__What to do__:
For the listing below, give the count of lines containing the string "card" and nothing else.

__Extracted material__:

lemma crossings_triangle_cycle:
  assumes A: "is_cycle H A" and B: "is_cycle H B"
    and triangle: "(\<forall>u \<in> set A. \<not> isl u) \<or> (\<forall>u \<in> set B. \<not> isl u)"
  shows "crossings H A B = 0"
proof -
  note CA = is_cycle_facts[OF A] and CB = is_cycle_facts[OF B]
  have "\<not> passages_cross H \<alpha> \<beta>" if passages: "\<alpha> \<in> passages H A" "\<beta> \<in> passages H B" for \<alpha> \<beta>
  proof
    assume cross: "passages_cross H \<alpha> \<beta>"
    obtain u w u' w' where uw: "(u, w) \<in> cyclic_pairs A" "\<alpha> = (opp H u, w)"
      "(u', w') \<in> cyclic_pairs B" "\<beta> = (opp H u', w')"
      using passages by (auto simp: passages_def)
    hence mem: "u \<in> set A" "w \<in> set A" "u' \<in> set B" "w' \<in> set B" by (auto dest: cyclic_pairs_in_set)
    hence "opp H u \<in> hedges H" "w \<in> hedges H" "opp H u' \<in> hedges H" "w' \<in> hedges H"
      using CA(3) CB(3) opp_H_in_hedges by auto
    moreover have "alternating 4 (cyc H (opp H u)) (cyc H (opp H u')) (cyc H w) (cyc H w')"
      using cross uw valency_H[OF \<open>w \<in> hedges H\<close>] by (simp add: passages_cross_def)
    ultimately show False
      using triangle mem alternating_4_avoids_2_3 cyc_H_less_4 cyc_H_triangle by meson
  qed
  hence "{(\<alpha>, \<beta>). \<alpha> \<in> passages H A \<and> \<beta> \<in> passages H B \<and> passages_cross H \<alpha> \<beta>} = {}"
    by blast
  thus ?thesis unfolding crossings_eq_card_crossing_passages[OF CA(2) CB(2)] by (simp only: card.empty)
qed

lemma segment_darts_disjoint:
  assumes S: "SA \<subseteq> hedges H" "SB \<subseteq> hedges H"
    and disjoint: "(SA \<union> opp H ` SA) \<inter> (SB \<union> opp H ` SB) = {}"
    and s: "cycle_segment SA (x, r, y)" and t: "cycle_segment SB (z, q, w)"
    and v: "vert G (opp G x) = v" "vert G (opp G z) = v"
  shows "darts_disjoint (map snd r) (map snd q)"
proof -
  have "(k, j) \<notin> set (map snd q) \<and> (j, k) \<notin> set (map snd q)" if kj: "(k, j) \<in> set (map snd r)" for k j
  proof -
    obtain e where e: "e \<in> set r" "snd e = (k, j)" using kj by auto
    have at_v: "fst e = v" "\<forall>e' \<in> set q. fst e' = v"
      using cycle_segment_at_vertex s t e v by auto
    have "Inr e \<in> SA" "Inr (v, j, k) = opp H (Inr e)"
      using cycle_segment_members(3)[OF S(1) s] e at_v by auto
    hence "Inr (v, k, j) \<notin> SB" "Inr (v, j, k) \<notin> SB"
      using e at_v disjoint by (auto simp: prod_eq_iff)
    thus ?thesis using cycle_segment_members(3)[OF S(2) t] at_v(2) by (auto simp: prod_eq_iff)
  qed
  thus ?thesis unfolding darts_disjoint_def by blast
qed

lemma segment_crossings_parity_at_triangle:
  assumes S: "SA \<subseteq> hedges H" "SB \<subseteq> hedges H"
    and no_opp: "SA \<inter> opp H ` SA = {}" "SB \<inter> opp H ` SB = {}"
    and disjoint: "(SA \<union> opp H ` SA) \<inter> (SB \<union> opp H ` SB) = {}"
    and s: "cycle_segment SA (x, r, y)" and t: "cycle_segment SB (z, q, w)"
    and v: "vert G (opp G x) = v" "vert G (opp G z) = v" "valency G v = 6"
  shows "passages_cross G (projected_passage (x, r, y)) (projected_passage (z, q, w)) \<longleftrightarrow>
    odd (card (segment_crossings (x, r, y) (z, q, w)))"
proof -
  note ms = cycle_segment_members[OF S(1) s] and mt = cycle_segment_members[OF S(2) t]
  have vy: "vert G y = v" "vert G w = v" using cycle_segment_at_vertex s t v by auto
  have hedges: "opp G x \<in> hedges G" "opp G z \<in> hedges G" using hedge_G ms(4) mt(4) by auto
  define a b c d where "a = lab_idx G lab (opp G x)" "b = lab_idx G lab y"
    "c = lab_idx G lab (opp G z)" "d = lab_idx G lab w"
  have labels: "a < 6" "b < 6" "c < 6" "d < 6"
    "lab v a = opp G x" "lab v b = y" "lab v c = opp G z" "lab v d = w"
    using lab_lab_idx[OF hedges(1)] lab_lab_idx[OF hedges(2)] lab_lab_idx[OF ms(5)] lab_lab_idx[OF mt(5)]
      v vy unfolding a_b_c_d_def by auto
  have "Inl (opp G x) \<in> opp H ` SA" "Inl (opp G z) \<in> opp H ` SB"
    using ms(1) mt(1) by force+
  moreover have "opp G x \<noteq> opp G z"
    using ms(1) mt(1) disjoint hedge_G ms(4) mt(4) by (metis IntI UnI1 empty_iff)
  ultimately have "distinct [opp G x, y, opp G z, w]"
    using ms(2) mt(2) no_opp disjoint by auto
  hence "distinct [a, b, c, d]" using labels by auto
  moreover have "map snd r \<in> set (triangle_trails (a div 2 + 1) (b div 2 + 1))"
    "map snd q \<in> set (triangle_trails (c div 2 + 1) (d div 2 + 1))"
    using segment_triangle_trail S no_opp s t v unfolding a_b_c_d_def by auto
  moreover have "darts_disjoint (map snd r) (map snd q)"
    using segment_darts_disjoint[OF S disjoint s t v(1,2)] .
  ultimately have "alternating 6 a c b d \<longleftrightarrow> odd (local_crossing_count a b (map snd r) c d (map snd q))"
    using local_crossing_parity labels by blast
  moreover have "passages_cross G (projected_passage (x, r, y)) (projected_passage (z, q, w)) \<longleftrightarrow>
      alternating 6 a c b d"
    using alternating_6_lab[of v a c b d] labels v vy hedge_G[OF hedges(1)]
    by (simp add: passages_cross_def projected_passage_def)
  ultimately show ?thesis
    using segment_crossings_local_count[OF S s t v] unfolding a_b_c_d_def by simp
qed
(* Let $p_n(\mathbf y)$ be a linear sequence of symmetric functions of binomial type, and let $\theta,\phi$ be shift-invariant linear operators on $\Lambda$. Then for every $n\ge0$, $$\epsilon\,\theta\phi\, p_n(\mathbf y)=\sum_{k=0}^n\binom nk\big(\epsilon\,\theta\, p_k(\mathbf y)\big)\big(\epsilon\,\phi\, p_{n-k}(\mathbf y)\big).$$
   Context: $\Lambda$ is the algebra of complex symmetric functions in $\mathbf y=(y_1,y_2,\dots)$. A linear sequence of symmetric functions of binomial type is $$p_n(\mathbf y)=\sum_{\lambda\vdash n}\frac{n!}{\prod_i\lambda_i!}\Big(\prod_ia_{\lambda_i}\Big)m_\lambda(\mathbf y)$$ for complex numbers $a_0=1,a_1\ne0,a_2,\dots$, where $m_\lambda$ is the monomial symmetric function. A linear operator $\theta$ on $\Lambda$ is shift-invariant if $E^a\theta=\theta E^a$ for all $a\in\mathbb C$, where $E^ap(y_1,y_2,\dots)=p(a,y_1,y_2,\dots)$. $\epsilon p=p(0,0,\dots)$. *)

theory Defs
  imports Complex_Main "HOL-Library.Multiset"
begin

text \<open>Symmetric functions in countably many variables y_1, y_2, ... (indexed here by
 0, 1, 2, ...) are modelled as formal power series: a coefficient function on
 monomials. A monomial is an exponent vector nat => nat with finite support.\<close>

type_synonym symfun = "(nat \<Rightarrow> nat) \<Rightarrow> complex"

definition monomials :: "(nat \<Rightarrow> nat) set" where
  "monomials = {\<beta>. finite {i. \<beta> i \<noteq> 0}}"

definition mdeg :: "(nat \<Rightarrow> nat) \<Rightarrow> nat" where
  "mdeg \<beta> = (\<Sum>i\<in>{i. \<beta> i \<noteq> 0}. \<beta> i)"

definition Lambda :: "symfun set" where
  "Lambda = {f. (\<forall>\<beta>. f \<beta> \<noteq> 0 \<longrightarrow> \<beta> \<in> monomials)
             \<and> (\<exists>d. \<forall>\<beta>. f \<beta> \<noteq> 0 \<longrightarrow> mdeg \<beta> \<le> d)
             \<and> (\<forall>\<sigma> \<beta>. bij \<sigma> \<longrightarrow> f (\<beta> \<circ> \<sigma>) = f \<beta>)}"

definition shift_in :: "nat \<Rightarrow> (nat \<Rightarrow> nat) \<Rightarrow> (nat \<Rightarrow> nat)" where
  "shift_in j \<beta> = (\<lambda>i. if i = 0 then j else \<beta> (i - 1))"

text \<open>E^a p (y_1,y_2,...) = p(a, y_1, y_2, ...).\<close>
definition Eshift :: "complex \<Rightarrow> symfun \<Rightarrow> symfun" where
  "Eshift a p = (\<lambda>\<beta>. \<Sum>j\<in>{j. p (shift_in j \<beta>) \<noteq> 0}. a ^ j * p (shift_in j \<beta>))"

__Solution__:
2